Collected data entries:
lemma closest_majority_consistent_restrict:
  assumes ip: "independent_partition G Ag Ag1 Ag2" and fin: "finite (\<Union>Ag)"
    and P: "P \<in> profiles G Ag n" and Q: "Q \<in> closest_majority_consistent G Ag P"
  shows "restr Q Ag1 \<in> closest_majority_consistent G Ag1 (restr P Ag1)"
proof -
  note parts = independent_partitionD[OF ip]
  have len: "length P = n" using P by (simp add: profiles_def)
  note Qp = closest_majority_consistentD(1)[OF Q, unfolded len]
    and Qc = closest_majority_consistentD(2)[OF Q]
    and Qmin = closest_majority_consistentD(3)[OF Q, unfolded len]
  let ?Q2 = "restr Q Ag2"
  have Q2: "?Q2 \<in> profiles G Ag2 n" "consistent G (maj Ag2 ?Q2)"
    using profiles_restrict[OF Qp parts(2)] Qc consistent_maj_split[OF ip, of Q] by simp_all
  \<comment> \<open>replace the first component of Q by a competitor and keep the second\<close>
  have "DH (restr P Ag1) (restr Q Ag1) \<le> DH (restr P Ag1) Q1'"
    if Q1': "Q1' \<in> profiles G Ag1 n" "consistent G (maj Ag1 Q1')" for Q1'
  proof -
    let ?Q' = "map2 (\<union>) Q1' ?Q2"
    note Q' = profiles_join[OF ip Q1'(1) Q2(1)]
    have "consistent G (maj Ag ?Q')"
      using consistent_maj_split[OF ip, of ?Q'] Q'(2,3) Q1'(2) Q2(2) by simp
    then have "DH P Q \<le> DH P ?Q'" by (rule Qmin[OF Q'(1)])
    moreover have "length Q = n" "length ?Q' = n" using Qp Q'(1) by (simp_all add: profiles_def)
    ultimately show ?thesis using DH_independent_partition[OF ip fin P] Q'(2,3) by simp
  qed
  moreover have "restr Q Ag1 \<in> profiles G Ag1 n" by (rule profiles_restrict[OF Qp parts(1)])
  moreover have "consistent G (maj Ag1 (restr Q Ag1))"
    using consistent_maj_split[OF ip, of Q] Qc by simp
  ultimately show ?thesis by (intro closest_majority_consistentI) (simp_all add: len)
qed

lemma closest_majority_consistent_join:
  assumes ip: "independent_partition G Ag Ag1 Ag2" and fin: "finite (\<Union>Ag)"
    and P: "P \<in> profiles G Ag n" and Qp: "Q \<in> profiles G Ag n"
    and Q1: "restr Q Ag1 \<in> closest_majority_consistent G Ag1 (restr P Ag1)"
    and Q2: "restr Q Ag2 \<in> closest_majority_consistent G Ag2 (restr P Ag2)"
  shows "Q \<in> closest_majority_consistent G Ag P"
proof (rule closest_majority_consistentI)
  note parts = independent_partitionD[OF ip]
  have len: "length P = n" "length Q = n" using P Qp by (simp_all add: profiles_def)
  show "Q \<in> profiles G Ag (length P)" using Qp len by simp
  show "consistent G (maj Ag Q)"
    using consistent_maj_split[OF ip, of Q] closest_majority_consistentD(2)[OF Q1]
      closest_majority_consistentD(2)[OF Q2] by simp
  fix Q' assume Q': "Q' \<in> profiles G Ag (length P)" "consistent G (maj Ag Q')"
  have Q'c: "consistent G (maj Ag1 (restr Q' Ag1))" "consistent G (maj Ag2 (restr Q' Ag2))"
    using consistent_maj_split[OF ip, of Q'] Q'(2) by simp_all
  have "DH (restr P Ag1) (restr Q Ag1) \<le> DH (restr P Ag1) (restr Q' Ag1)"
    using closest_majority_consistentD(3)[OF Q1 _ Q'c(1)] profiles_restrict[OF Q'(1) parts(1)] by simp
  moreover have "DH (restr P Ag2) (restr Q Ag2) \<le> DH (restr P Ag2) (restr Q' Ag2)"
    using closest_majority_consistentD(3)[OF Q2 _ Q'c(2)] profiles_restrict[OF Q'(1) parts(2)] by simp
  moreover have "length Q' = n" using Q'(1) len by (simp add: profiles_def)
  ultimately show "DH P Q \<le> DH P Q'" using DH_independent_partition[OF ip fin P] len by simp
qed

lemma FULL_H_separable:
  assumes ip: "independent_partition G Ag Ag1 Ag2" and fin: "finite (\<Union>Ag)"
    and P: "P \<in> profiles G Ag n"
  shows "FULL_H G Ag P = pair_unions (FULL_H G Ag1 (restr P Ag1)) (FULL_H G Ag2 (restr P Ag2))"
proof -
  let ?C = "closest_majority_consistent G" and ?P1 = "restr P Ag1" and ?P2 = "restr P Ag2"
  have len: "length P = n" using P by (simp add: profiles_def)
  have "maj Ag ` ?C Ag P = pair_unions (maj Ag1 ` ?C Ag1 ?P1) (maj Ag2 ` ?C Ag2 ?P2)"
  proof (intro equalityI subsetI)
    fix S assume "S \<in> maj Ag ` ?C Ag P"
    then obtain Q where Q: "Q \<in> ?C Ag P" and S: "S = maj Ag Q" by blast
    have "restr Q Ag1 \<in> ?C Ag1 ?P1" "restr Q Ag2 \<in> ?C Ag2 ?P2"
      using closest_majority_consistent_restrict[OF ip fin P Q]
        closest_majority_consistent_restrict[OF independent_partition_swap[OF ip] fin P Q] .
    then show "S \<in> pair_unions (maj Ag1 ` ?C Ag1 ?P1) (maj Ag2 ` ?C Ag2 ?P2)"
      unfolding S maj_split[OF ip, of Q] by (intro pair_unionsI imageI)
  next
    fix S assume "S \<in> pair_unions (maj Ag1 ` ?C Ag1 ?P1) (maj Ag2 ` ?C Ag2 ?P2)"
    then obtain Q1 Q2 where Q: "Q1 \<in> ?C Ag1 ?P1" "Q2 \<in> ?C Ag2 ?P2"
      and S: "S = maj Ag1 Q1 \<union> maj Ag2 Q2"
      by (elim pair_unionsE imageE) blast
    have "Q1 \<in> profiles G Ag1 n" "Q2 \<in> profiles G Ag2 n"
      using closest_majority_consistentD(1)[OF Q(1)] closest_majority_consistentD(1)[OF Q(2)] len
      by simp_all
    note Q12 = profiles_join[OF ip this]
    have "map2 (\<union>) Q1 Q2 \<in> ?C Ag P"
      using closest_majority_consistent_join[OF ip fin P Q12(1)] Q Q12(2,3) by simp
    moreover have "S = maj Ag (map2 (\<union>) Q1 Q2)" using S maj_split[OF ip] Q12(2,3) by simp
    ultimately show "S \<in> maj Ag ` ?C Ag P" by (rule rev_image_eqI)
  qed
  moreover have "maj A ` ?C A P' \<subseteq> Pow (\<Union>A)" for A P' using maj_subset by auto
  ultimately show ?thesis
    unfolding FULL_H_eq_extensions by (simp add: extensions_pair_unions[OF ip])
qed

lemma agenda_finite_formulas: "agenda Ag \<Longrightarrow> finite (\<Union>Ag)"
  by (auto simp: agenda_def issue_def)

theorem proposition3:
  fixes \<Gamma> :: "'v form" and n :: nat
    and Ag Ag1 Ag2 :: "'v form set set" and P :: "'v form set list"
  assumes "consistent \<Gamma> {}"
    and "n \<ge> 1"
    and "agenda Ag"
    and "independent_partition \<Gamma> Ag Ag1 Ag2"
    and "P \<in> profiles \<Gamma> Ag n"
  shows "\<forall>R \<in> {MC, MCC, RA, FULL_H}.
           R \<Gamma> Ag P = {J1 \<union> J2 | J1 J2. J1 \<in> R \<Gamma> Ag1 (restr P Ag1) \<and> J2 \<in> R \<Gamma> Ag2 (restr P Ag2)}"
proof -
  have fin: "finite (\<Union>Ag)" by (rule agenda_finite_formulas[OF assms(3)])
  show ?thesis
    using MC_separable[OF assms(4), of P] MCC_separable[OF assms(4) fin, of P]
      RA_separable[OF assms(4,1), of P] FULL_H_separable[OF assms(4) fin assms(5)]
    by (simp add: pair_unions_def)
qed

end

Assigned task ->
Search the entries for the string "Gamma" and return each line where it turns up.

Written response ->
  fixes \<Gamma> :: "'v form" and n :: nat
  assumes "consistent \<Gamma> {}"
    and "independent_partition \<Gamma> Ag Ag1 Ag2"
    and "P \<in> profiles \<Gamma> Ag n"
           R \<Gamma> Ag P = {J1 \<union> J2 | J1 J2. J1 \<in> R \<Gamma> Ag1 (restr P Ag1) \<and> J2 \<in> R \<Gamma> Ag2 (restr P Ag2)}"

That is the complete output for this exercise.